Even though there are many current classifiers for text categorization, the large dimensionality of the feature space is a serious difficulty [14]. A document typically comprises hundreds or thousands of distinct words that are considered features; however, many of them may be noisy, less useful, or redundant in terms of class labels. This may cause classifiers to be misled and, as a result, decrease their overall performance [15, 16]. As a result, feature selection must be utilized to eliminate noisy, less useful, and redundant features, reducing the feature space to a manageable level and boosting the efficiency and accuracy of the classifiers used. A feature selection approach, in general, consists of four basic steps: feature subset generation, subset evaluation, halting condition, and classification result confirmation [17]. The researchers employ a search approach to select a candidate feature subset in the first phase, which is then evaluated using a goodness criterion in the second step. When stopping requirements are met in the third phase, subset formation and evaluation are terminated, and the best feature subset from all candidates is picked. The feature subset will be validated using a validation set in the last stage.

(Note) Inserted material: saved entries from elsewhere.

lemma nn_integral_tail_ge:
  obtains C where "0 < C" "\<And>z. 0 \<le> z \<Longrightarrow> ennreal (C * exp (- k * z))
    \<le> (\<integral>\<^sup>+ x. ennreal (indicator {x \<in> weyl_chamber \<Delta>. z \<le> norm x} x *\<^sub>R exp (- (\<rho> \<bullet> x))) \<partial>lborel)"
proof -
  obtain u where u: "u \<in> weyl_chamber \<Delta>" "norm u = 1" "\<rho> \<bullet> u = k"
    using obtain_rho_direction by blast
  define c\<^sub>0 where "c\<^sub>0 = (\<Sum>\<beta>\<in>\<Delta>. \<omega> \<beta>)"
  have "\<alpha> \<bullet> c\<^sub>0 = 1" if "\<alpha> \<in> \<Delta>" for \<alpha>
    using inner_sum_dual[OF that, of "\<lambda>_. 1"] by (simp add: c\<^sub>0_def)
  then obtain r where "0 < r" and ball_r: "ball c\<^sub>0 r \<subseteq> weyl_chamber \<Delta>"
    using ball_subset_weyl_chamber[OF finite_basis, of c\<^sub>0] by auto
  define R\<^sub>0 where "R\<^sub>0 = norm c\<^sub>0 + r"
  define D where "D = (k + norm \<rho>) * R\<^sub>0"
  define C where "C = exp (- D) * (unit_ball_vol (real DIM('a)) * r ^ DIM('a))"
  show ?thesis
  proof
    show "0 < C" using \<open>0 < r\<close> by (simp add: C_def)
    fix z :: real
    assume "0 \<le> z"
    define A where "A = {x \<in> weyl_chamber \<Delta>. z \<le> norm x}"
    define v where "v = (z + R\<^sub>0) *\<^sub>R u + c\<^sub>0"
    have pointwise: "ennreal (exp (- k * z - D)) * indicator (ball v r) x
        \<le> ennreal (indicator A x *\<^sub>R exp (- (\<rho> \<bullet> x)))" for x
    proof (cases "x \<in> ball v r")
      case True
      define y where "y = x - (z + R\<^sub>0) *\<^sub>R u"
      have x_eq: "x = (z + R\<^sub>0) *\<^sub>R u + y" by (simp add: y_def)
      have "y \<in> ball c\<^sub>0 r" using True by (simp add: y_def v_def dist_norm algebra_simps)
      hence "y \<in> weyl_chamber \<Delta>" and "norm y \<le> R\<^sub>0"
        using ball_r norm_triangle_sub[of y c\<^sub>0] by (auto simp: R\<^sub>0_def dist_norm norm_minus_commute)
      have "0 \<le> z + R\<^sub>0" using \<open>0 \<le> z\<close> \<open>0 < r\<close> by (simp add: R\<^sub>0_def)
      have "x \<in> weyl_chamber \<Delta>"
        unfolding x_eq using u(1) \<open>y \<in> weyl_chamber \<Delta>\<close> \<open>0 \<le> z + R\<^sub>0\<close>
        by (intro weyl_chamber_add weyl_chamber_scaleR)
      moreover have "z \<le> norm x"
        using norm_triangle_ineq4[of x y] \<open>norm y \<le> R\<^sub>0\<close> \<open>0 \<le> z + R\<^sub>0\<close> u(2) by (simp add: y_def)
      moreover have "\<rho> \<bullet> x \<le> k * z + D"
      proof -
        have "\<rho> \<bullet> y \<le> norm \<rho> * R\<^sub>0"
          using norm_cauchy_schwarz[of \<rho> y] mult_left_mono[OF \<open>norm y \<le> R\<^sub>0\<close>, of "norm \<rho>"] by simp
        thus ?thesis unfolding x_eq using u(3) by (simp add: D_def inner_add_right algebra_simps)
      qed
      ultimately show ?thesis using True by (simp add: A_def)
    qed simp
    have "ennreal (C * exp (- k * z))
        = ennreal (exp (- k * z - D) * (unit_ball_vol (real DIM('a)) * r ^ DIM('a)))"
      by (simp add: C_def exp_diff exp_minus field_simps)
    also have "\<dots> = ennreal (exp (- k * z - D)) * emeasure lborel (ball v r)"
      using \<open>0 < r\<close> by (simp add: emeasure_ball ennreal_mult')
    also have "\<dots> = (\<integral>\<^sup>+ x. ennreal (exp (- k * z - D)) * indicator (ball v r) x \<partial>lborel)"
      by (rule nn_integral_cmult_indicator[symmetric]) simp
    also have "\<dots> \<le> (\<integral>\<^sup>+ x. ennreal (indicator A x *\<^sub>R exp (- (\<rho> \<bullet> x))) \<partial>lborel)"
      by (intro nn_integral_mono pointwise)
    finally show "ennreal (C * exp (- k * z))
        \<le> (\<integral>\<^sup>+ x. ennreal (indicator {x \<in> weyl_chamber \<Delta>. z \<le> norm x} x *\<^sub>R exp (- (\<rho> \<bullet> x))) \<partial>lborel)"
      unfolding A_def .
  qed
qed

Feature selection approaches are classified into four types based on how they create feature subsets: filter model [18-20], wrapper model [21, 22], embedding model, and hybrid model [23, 24]. Most feature selection approaches for text classification are filter-based, owing to their simplicity and efficiency. [15, 16, 25, 26] provide a detailed analysis and comparison of alternative feature selection techniques for generic data [27].

Feature extraction

In-text categorization, there are two main types of feature extraction methods: n-gram and termset. n-Gram the n-gram extraction procedure requires sliding across an entire corpus with a window of length n [28-31]. Then, in each window, all the sets of consecutive words or characters should be extracted. The goal of the n-gram is to obtain the composite features that emerge repeatedly to reduce the ambiguity of individual words. Bigram and trigram are two often used n-grams. Nonetheless, the impact of text structure, such as punctuation and stop-words, is not considered. Termset a termset is not the same as an n-gram in that composite characteristics are retrieved solely based on their co-occurrence, regardless of the order and position of the individual terms [28, 32, 33]. Specifically, termsets are randomly matched combinations of vocabulary. However, this combination has one drawback: a combination explosion, even for 2-termsets. It indicates that with a vocabulary size of n, there will be 2n different types of pairings.

Data splitting

When starting a modeling project, one of the first decisions to make is how to use the available data. One popular method is to divide the data into training set and testing set. Models and feature sets are created using the training set. The training set serves as the foundation for parameter estimation, model comparison, and all other operations required to arrive at a final version of the model. At the end of these operations, the testing set is used to estimate a final, unbiased evaluation in terms of the model’s effectiveness. Looking at the results of the test sets would skew the results because the testing data would have become part of the outcome. How much data should be kept for testing purposes? It is hard to create a consistent guideline. Many factors can influence data proportion, including the length of the initial sample pool and the actual amount of predictors. The importance of this decision is reduced with a large pool of samples once the training set contains sufficient samples. Alternative options to a simple original data partition may also be a smart idea in this situation [34].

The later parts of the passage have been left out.